Objectives To study the sera and ex vivo cytokines secreted by mononuclear cells before and after stimulation of monocytes and lymphocytes through comparison of different groups of patients and according to activity, clinical presentation and comorbidity.
Methods Patients with psoriatic arthritis according to the Moll and Wright criteria have been clinically evaluated by a rheumatologist and a dermatologist. Active disease was defined by either more than 3 painful and swollen joints or a BASDAI higher than 40. Inflammatory syndrome was considered to be present when the CRP exceeded 10 mg/l. Cytokines dosage (IL-1a, IL1b, IL-1Ra, TNFa, IL-6, IL-17, IFNg, IL-4 and IL-10) in the serum and after mononuclear cell (MNC) extraction was carried out with luminex before and after stimulation with LPS on the one hand and by CD3-CD28 on the other hand.

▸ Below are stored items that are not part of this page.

lemma gn_oscillation_on_prod_partition:
  assumes \<rho>: "\<forall>\<theta>\<in>Th. \<forall>\<theta>'\<in>Th. \<forall>x\<in>X. \<forall>x'\<in>X. \<forall>y.
      max (dist \<theta> \<theta>') (dX x x') \<le> \<delta> \<longrightarrow> \<bar>loss \<theta> x y - loss \<theta>' x' y\<bar> \<le> \<rho> y"
    and shift_X: "\<And>x. x \<in> X \<Longrightarrow> shift x \<in> X"
    and \<alpha>: "\<Union>\<alpha> \<subseteq> Th" "bounded Th" "\<forall>A\<in>\<alpha>. diameter A < \<delta>"
    and \<beta>: "\<forall>B\<in>\<beta>. diamX B < \<delta>"
    and C: "C \<in> prod_partition \<alpha> (join_partition X \<beta> n)" "p \<in> C" "q \<in> C"
  shows "gn loss T n (fst p) (snd p) y \<le> gn loss T n (fst q) (snd q) y + (\<Sum>k<n. \<rho> ((T ^^ k) y))"
proof (rule gn_oscillation)
  obtain A D where A: "A \<in> \<alpha>" and D: "D \<in> join_partition X \<beta> n" and "C = A \<times> D"
    using C(1) by (auto simp: prod_partition_def)
  then have pq: "fst p \<in> A" "fst q \<in> A" "snd p \<in> D" "snd q \<in> D"
    using C(2,3) by auto
  have "A \<subseteq> Th" using A \<alpha>(1) by blast
  then have "dist (fst p) (fst q) \<le> diameter A"
    using pq by (intro diameter_bounded_bound bounded_subset[OF \<alpha>(2)])
  with A \<alpha>(3) have dist_le: "dist (fst p) (fst q) \<le> \<delta>" by fastforce
  have "D \<subseteq> X" using D by (auto simp: join_partition_eq join_cell_def)
  fix k assume "k < n"
  with D pq \<beta> have "dX ((shift ^^ k) (snd p)) ((shift ^^ k) (snd q)) < \<delta>"
    by (intro dX_funpow_shift_lt_on_join_cell)
  moreover have "(shift ^^ k) (snd p) \<in> X" "(shift ^^ k) (snd q) \<in> X"
    using shift_X \<open>D \<subseteq> X\<close> pq by (auto intro: funpow_shift_closed)
  ultimately show "\<bar>loss (fst p) ((shift ^^ k) (snd p)) ((T ^^ k) y)
      - loss (fst q) ((shift ^^ k) (snd q)) ((T ^^ k) y)\<bar> \<le> \<rho> ((T ^^ k) y)"
    using dist_le \<rho> \<open>A \<subseteq> Th\<close> pq by (meson less_imp_le max.boundedI subsetD)
qed
lemma subdiff_norm_iff: "s \<in> subdiff norm u \<longleftrightarrow> norm s \<le> 1 \<and> s \<bullet> u = norm u"
  for s u :: "'a::real_inner"
proof
  assume s: "s \<in> subdiff norm u"
  have "norm u + s \<bullet> s \<le> norm (u + s)"
    using s[unfolded subdiff_def, simplified, rule_format, of "u + s"] by simp
  also have "\<dots> \<le> norm u + norm s" by (rule norm_triangle_ineq)
  finally have "norm s * norm s \<le> norm s * 1"
    by (simp add: power2_norm_eq_inner[symmetric] power2_eq_square)
  then have ns: "norm s \<le> 1"
    by (cases "norm s = 0") (auto simp: mult_le_cancel_left)
  have "norm u + s \<bullet> (z - u) \<le> norm z" for z
    using s unfolding subdiff_def by simp
  from this[of 0] this[of "2 *\<^sub>R u"] have "s \<bullet> u = norm u" by (simp add: algebra_simps)
  with ns show "norm s \<le> 1 \<and> s \<bullet> u = norm u" ..
next
  assume s: "norm s \<le> 1 \<and> s \<bullet> u = norm u"
  have "s \<bullet> z \<le> norm z" for z
    using norm_cauchy_schwarz[of s z] s mult_left_le_one_le[of "norm z" "norm s"] by simp
  with s show "s \<in> subdiff norm u"
    by (simp add: subdiff_def inner_diff_right)
qed
locale gram_pair =
  fixes V :: "'v set" and L :: "'s set" and N :: "'v \<Rightarrow> 's \<Rightarrow> real"
    and A :: "'v \<Rightarrow> 'v \<Rightarrow> real" and B :: "'s \<Rightarrow> 's \<Rightarrow> real" and w :: real
  assumes finite_V: "finite V" and finite_L: "finite L"
    and gram_V: "x \<in> V \<Longrightarrow> y \<in> V \<Longrightarrow> (\<Sum>S\<in>L. N x S * N y S) = A x y + w * of_bool (x = y)"
    and gram_L: "S \<in> L \<Longrightarrow> T \<in> L \<Longrightarrow> (\<Sum>x\<in>V. N x S * N x T) = B S T + w * of_bool (S = T)"
begin

lemma B_sym: "S \<in> L \<Longrightarrow> T \<in> L \<Longrightarrow> B S T = B T S"
  using gram_L[of S T] gram_L[of T S] by (cases "S = T") (simp_all add: mult.commute)

lemma incidence_intertwines:
  assumes S: "S \<in> L" and z: "z \<in> V"
  shows "(\<Sum>x\<in>V. N x S * A x z) = (\<Sum>U\<in>L. B S U * N z U)"
proof -
  have "(\<Sum>x\<in>V. N x S * A x z) = (\<Sum>x\<in>V. N x S * ((\<Sum>U\<in>L. N x U * N z U) - w * of_bool (x = z)))"
    using z by (intro sum.cong) (simp_all add: gram_V)
  also have "\<dots> = (\<Sum>U\<in>L. (\<Sum>x\<in>V. N x S * N x U) * N z U) - w * N z S"
    using finite_V z
    by (simp add: right_diff_distrib sum_subtractf sum_mult_assoc mult.left_commute[of _ w] flip: sum_distrib_left)
  also have "\<dots> = (\<Sum>U\<in>L. (B S U + w * of_bool (S = U)) * N z U) - w * N z S"
    using S by (simp add: gram_L)
  also have "\<dots> = (\<Sum>U\<in>L. B S U * N z U)"
    using finite_L S by (simp add: distrib_right sum.distrib mult.assoc flip: sum_distrib_left)
  finally show ?thesis .
qed

lemma incidence_intertwines_square:
  assumes "S \<in> L" "z \<in> V"
  shows "(\<Sum>x\<in>V. N x S * (\<Sum>y\<in>V. A x y * A y z)) = (\<Sum>U\<in>L. (\<Sum>W\<in>L. B S W * B W U) * N z U)"
proof -
  have "(\<Sum>x\<in>V. N x S * (\<Sum>y\<in>V. A x y * A y z)) = (\<Sum>y\<in>V. (\<Sum>x\<in>V. N x S * A x y) * A y z)"
    by (rule sum_mult_assoc)
  also have "\<dots> = (\<Sum>y\<in>V. (\<Sum>W\<in>L. B S W * N y W) * A y z)"
    using assms by (simp add: incidence_intertwines)
  also have "\<dots> = (\<Sum>W\<in>L. B S W * (\<Sum>y\<in>V. N y W * A y z))"
    by (rule sum_mult_assoc[symmetric])
  also have "\<dots> = (\<Sum>W\<in>L. B S W * (\<Sum>U\<in>L. B W U * N z U))"
    using assms by (simp add: incidence_intertwines)
  also have "\<dots> = (\<Sum>U\<in>L. (\<Sum>W\<in>L. B S W * B W U) * N z U)"
    by (rule sum_mult_assoc)
  finally show ?thesis .
qed
(* Let $p$ be a prime and let $a,b,c$ be positive integers with $b>1$, $c\mid p^a-1$, $c$ a primitive divisor of $p^a-1$, and $p-1\mid c$. Put $m=ab$, $n=bc$, $u=\frac{p^a-1}{c}$, assume $n$ is a primitive divisor of $p^m-1$, and put $k=\frac{p^m-1}{n}$. Then for each $\beta\in\mathbb{F}_{p^m}$ there exist $\alpha_1,\dots,\alpha_b\in\mathbb{F}_{p^a}$ such that $$\#C_{k,\beta}(\mathbb{F}_{p^m})=\tfrac1b\Psi_b(p^a)\sum_{i=1}^b\#C_{u,\alpha_i}(\mathbb{F}_{p^a})-(p+1)p^a\Psi_{b-1}(p^a).\qquad(\ast)$$ Conversely, for any $\alpha_1,\dots,\alpha_b\in\mathbb{F}_{p^a}$ there exists $\beta\in\mathbb{F}_{p^m}$ satisfying $(\ast)$.
   Context: $\Psi_b(x)=x^{b-1}+\cdots+x+1$. For a prime power $Q=p^M$, an integer $k$ and $\beta\in\mathbb{F}_Q$, $C_{k,\beta}$ is the Artin–Schreier curve $y^p-y=\beta x^k$, and $\#C_{k,\beta}(\mathbb{F}_Q):=1+\#\{(x,y)\in\mathbb{F}_Q^2: y^p-y=\beta x^k\}$. A positive integer $d$ is a primitive divisor of $p^M-1$ if $d\mid p^M-1$ and $d\nmid p^t-1$ for all $1\le t<M$. *)

theory Defs
  imports Complex_Main "HOL-Computational_Algebra.Primes"
begin

definition Psi :: "nat \<Rightarrow> real \<Rightarrow> real" where
  "Psi b x = (\<Sum>i<b. x ^ i)"

text \<open>Number of F-rational points (including the point at infinity) of the
Artin--Schreier curve y^p - y = beta x^k over the finite field given by the type.\<close>
definition AS_points :: "nat \<Rightarrow> nat \<Rightarrow> 'a::{field,finite} \<Rightarrow> nat" where
  "AS_points p k beta = 1 + card {(x :: 'a, y). y ^ p - y = beta * x ^ k}"
lemma holomorphic_unique_preimage_subball:
  fixes f :: "complex \<Rightarrow> complex"
  assumes holo: "f holomorphic_on ball 0 r"
    and zeros: "{w \<in> ball 0 r. f w = 0} = {0}"
    and simple: "deriv f 0 \<noteq> 0"
    and radii: "0 \<le> \<rho>0" "\<rho>0 < \<rho>" "\<rho> < r"
    and large: "\<And>w. \<rho>0 < cmod w \<Longrightarrow> cmod w < r \<Longrightarrow> c < cmod (f w)"
    and z: "cmod z < c"
  shows "\<exists>!p. p \<in> ball 0 \<rho> \<and> f p = z"
proof -
  define S where "S = ball (0::complex) ((\<rho> + r) / 2)"
  have fin: "finite {p \<in> S. f p + - z = 0}"
    by (rule finite_subset[OF _ finite_preimage_cball[OF holo zeros, of "(\<rho> + r) / 2" z]])
       (use radii in \<open>auto simp: S_def\<close>)
  have "(\<lambda>p. f p + - z) holomorphic_on S"
    using radii by (intro holomorphic_intros holomorphic_on_subset[OF holo]) (auto simp: S_def)
  then have "1 \<le> zorder (\<lambda>p. f p + - z) p" if "p \<in> {p \<in> ball 0 \<rho>. f p = z}" for p
    using that radii by (intro zorder_pos_of_finite_zeros[OF _ _ fin]) (auto simp: S_def)
  moreover have "finite {p \<in> ball 0 \<rho>. f p = z}"
    by (rule finite_subset[OF _ fin]) (use radii in \<open>auto simp: S_def\<close>)
  ultimately have "\<exists>!p. p \<in> {p \<in> ball 0 \<rho>. f p = z}"
    using ex1_of_sum_eq_1[where n = "zorder (\<lambda>p. f p + - z)"] sum_zorder_preimage_subball[OF assms]
    by blast
  then show ?thesis by simp
qed

lemma holomorphic_unique_preimage_ball:
  fixes f :: "complex \<Rightarrow> complex"
  assumes holo: "f holomorphic_on ball 0 r"
    and zeros: "{w \<in> ball 0 r. f w = 0} = {0}"
    and simple: "deriv f 0 \<noteq> 0"
    and radii: "0 \<le> \<rho>0" "\<rho>0 < r"
    and large: "\<And>w. \<rho>0 < cmod w \<Longrightarrow> cmod w < r \<Longrightarrow> c < cmod (f w)"
    and z: "cmod z < c"
  shows "\<exists>!w. w \<in> ball 0 r \<and> f w = z"
proof -
  have preimage_subball: "\<exists>!p. p \<in> ball 0 \<rho> \<and> f p = z" if "\<rho>0 < \<rho>" "\<rho> < r" for \<rho>
    using holomorphic_unique_preimage_subball[OF holo zeros simple radii(1) that large z] .
  obtain w where w: "w \<in> ball 0 ((\<rho>0 + r) / 2)" "f w = z"
    using preimage_subball[of "(\<rho>0 + r) / 2"] radii by auto
  have unique_w: "w' = w" if "w' \<in> ball 0 r" "f w' = z" for w'
  proof -
    define \<rho> where "\<rho> = (max \<rho>0 (max (cmod w) (cmod w')) + r) / 2"
    have "\<rho>0 < \<rho>" "\<rho> < r" "w \<in> ball 0 \<rho>" "w' \<in> ball 0 \<rho>"
      using that w radii by (auto simp: \<rho>_def)
    moreover obtain p where "\<And>q. q \<in> ball 0 \<rho> \<and> f q = z \<Longrightarrow> q = p"
      using preimage_subball[OF \<open>\<rho>0 < \<rho>\<close> \<open>\<rho> < r\<close>] by (elim ex1E) blast
    ultimately show ?thesis using that(2) w(2) by metis
  qed
  show ?thesis
  proof (rule ex1I[of _ w])
    show "w \<in> ball 0 r \<and> f w = z" using w radii by auto
  qed (use unique_w in blast)
qed

lemma holomorphic_inverse_on_ball:
  fixes f :: "complex \<Rightarrow> complex"
  assumes holo: "f holomorphic_on ball 0 r"
    and unique: "\<And>z. cmod z < c \<Longrightarrow> \<exists>!w. w \<in> ball 0 r \<and> f w = z"
  obtains h where "h holomorphic_on ball 0 c"
    and "\<And>z. z \<in> ball 0 c \<Longrightarrow> h z \<in> ball 0 r \<and> f (h z) = z \<and> deriv f (h z) * deriv h z = 1"
proof -
  define S where "S = ball 0 r \<inter> f -` ball 0 c"
  have S_sub: "S \<subseteq> ball 0 r" by (auto simp: S_def)
  have S_open: "open S" unfolding S_def
    by (rule continuous_open_preimage[OF holomorphic_on_imp_continuous_on[OF holo] open_ball open_ball])
  have S_inj: "inj_on f S"
    using unique by (intro inj_onI) (auto simp: S_def)
  obtain h where h: "h holomorphic_on f ` S"
      "\<And>w. w \<in> S \<Longrightarrow> deriv f w * deriv h (f w) = 1" "\<And>w. w \<in> S \<Longrightarrow> h (f w) = w"
    using holomorphic_has_inverse[OF holomorphic_on_subset[OF holo S_sub] S_open S_inj] by blast
  have image: "f ` S = ball 0 c"
  proof
    show "f ` S \<subseteq> ball 0 c" by (auto simp: S_def)
    show "ball 0 c \<subseteq> f ` S"
    proof
      fix z :: complex assume z: "z \<in> ball 0 c"
      then obtain w where "w \<in> ball 0 r" "f w = z" using unique[of z] by auto
      then show "z \<in> f ` S" using z by (auto simp: S_def)
    qed
  qed
  show ?thesis
  proof (rule that)
    show "h holomorphic_on ball 0 c" using h(1) image by simp
    fix z :: complex assume "z \<in> ball 0 c"
    then have "z \<in> f ` S" using image by simp
    then obtain w where w: "z = f w" "w \<in> S" by (rule imageE)
    then have "h z = w" using h(3) by simp
    then show "h z \<in> ball 0 r \<and> f (h z) = z \<and> deriv f (h z) * deriv h z = 1"
      using w h(2) S_sub by auto
  qed
qed
(* For each $d$, let $X_0,X_1,\dots,X_n$ be i.i.d. $N(0,I_d)$, let $\varepsilon\sim N(0,I_d)$ be independent of them, and let $Y_0=X_0+\varepsilon$. Define the weights $$w_i=\frac{\exp(-\|Y_0-X_i\|^2/2)}{\sum_{j=1}^n\exp(-\|Y_0-X_j\|^2/2)},\quad i=1,\dots,n.$$ Let $h:\mathbb R^d\to\mathbb R$ be bounded (with a bound $M$ not depending on $d$), let $E^*h(X^* )=\sum_{j=1}^n w_jh(X_j)$, and let $E_1h(X)$ denote the expectation of $h(X)$ under the true posterior $p(X\mid Y_0)$ (which is $N(Y_0/2,\tfrac12 I_d)$). Then, if $\log n/d\to\infty$, $$|E^*h(X^* )-E_1h(X)|\xrightarrow{P}0.$$
   Context: $\|\cdot\|$ is the Euclidean norm. $E^*$ is the expectation of $h(X^* )$ when $X^*$ is drawn from the weighted empirical measure $\sum_{j}w_j\delta_{X_j}$. *)

theory Defs
  imports "HOL-Probability.Probability"
begin

text \<open>Vectors in R^d are represented as functions nat => real, padded with 0 outside {..<d}.\<close>

definition pad :: "nat \<Rightarrow> (nat \<Rightarrow> real) \<Rightarrow> nat \<Rightarrow> real" where
  "pad d x = (\<lambda>k. if k < d then x k else 0)"

definition sqdist :: "nat \<Rightarrow> (nat \<Rightarrow> real) \<Rightarrow> (nat \<Rightarrow> real) \<Rightarrow> real" where
  "sqdist d x y = (\<Sum>k<d. (x k - y k)^2)"

text \<open>Joint sample space: coordinates (i,k) with i \<le> n, k < d, all i.i.d. N(0,1).
  Rows i = 0..n give X_0,...,X_n; row Suc n gives the noise epsilon.\<close>
definition sample_space :: "nat \<Rightarrow> nat \<Rightarrow> (nat \<times> nat \<Rightarrow> real) measure" where
  "sample_space n d = PiM ({..Suc n} \<times> {..<d}) (\<lambda>_. density lborel std_normal_density)"

definition Xv :: "nat \<Rightarrow> nat \<Rightarrow> (nat \<times> nat \<Rightarrow> real) \<Rightarrow> nat \<Rightarrow> real" where
  "Xv d i \<omega> = pad d (\<lambda>k. \<omega> (i, k))"

definition Epsv :: "nat \<Rightarrow> nat \<Rightarrow> (nat \<times> nat \<Rightarrow> real) \<Rightarrow> nat \<Rightarrow> real" where
  "Epsv n d \<omega> = pad d (\<lambda>k. \<omega> (Suc n, k))"

definition Y0 :: "nat \<Rightarrow> nat \<Rightarrow> (nat \<times> nat \<Rightarrow> real) \<Rightarrow> nat \<Rightarrow> real" where
  "Y0 n d \<omega> = (\<lambda>k. Xv d 0 \<omega> k + Epsv n d \<omega> k)"

definition weight :: "nat \<Rightarrow> nat \<Rightarrow> (nat \<Rightarrow> real) \<Rightarrow> (nat \<Rightarrow> nat \<Rightarrow> real) \<Rightarrow> nat \<Rightarrow> real" where
  "weight d n y X i = exp (- sqdist d y (X i) / 2) / (\<Sum>j\<in>{1..n}. exp (- sqdist d y (X j) / 2))"

definition wemp_exp :: "nat \<Rightarrow> nat \<Rightarrow> ((nat \<Rightarrow> real) \<Rightarrow> real) \<Rightarrow> (nat \<Rightarrow> real) \<Rightarrow> (nat \<Rightarrow> nat \<Rightarrow> real) \<Rightarrow> real" where
  "wemp_exp d n h y X = (\<Sum>j\<in>{1..n}. weight d n y X j * h (X j))"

Results Thirty-six patients with PsA were monitored. Mean age was 52 years and mean disease duration was 15.9 years. The sex ratio was 21 men (58.3%) and 15 women (41.7%). Thirty-four per cent had hypertension, 6% diabetes and 41% dyslipidemia; 51% were current smokers, 76% drank alcohol regularly and 27% were heavy drinkers. 72% had psoriasis on the day of the visit with a PASI (psoriasis area and severity index) averaging 5.1. Three of them had an axial form, 19 a peripheral form and 14 had both. In the serum, IFNg was increased; IL4 was decreased but not significantly while TNFa, was significantly increased in patients with psoriatic arthritis. When cytokines production of MNC in patients and healthy subjects was compared, we observed a significant increase of IL1ra (p=0,02), IL-10 (p=0,02), IL-6 (p<0,0005) and TNFa (p<0,001) in the absence of stimulation, an increase of IL-1a, IL1b, TNFa, IL-6 after stimulation with LPS and no significant difference after CD3-CD28 stimulation. When patients had active disease, there was no difference with regard to TNFa or IL6, whereas IL4 production was heightened after LPS stimulation. In the axial form, there was no TNFa increase compared to healthy subjects and in the peripheral form an IFNg increase and significantly heightened IL17 after CD3-CD28 stimulation were observed. No differences according to comorbidity were found.
Conclusions In psoriatic arthritis, the pro-inflammatory cytokines involved are IL-1, TNF alpha and l’IL-17, while for the anti-inflammatory, cytokines involved are l’IL1RA, l’IL10 et l’IL4 with differences depending largely on clinical presentation and disease activity.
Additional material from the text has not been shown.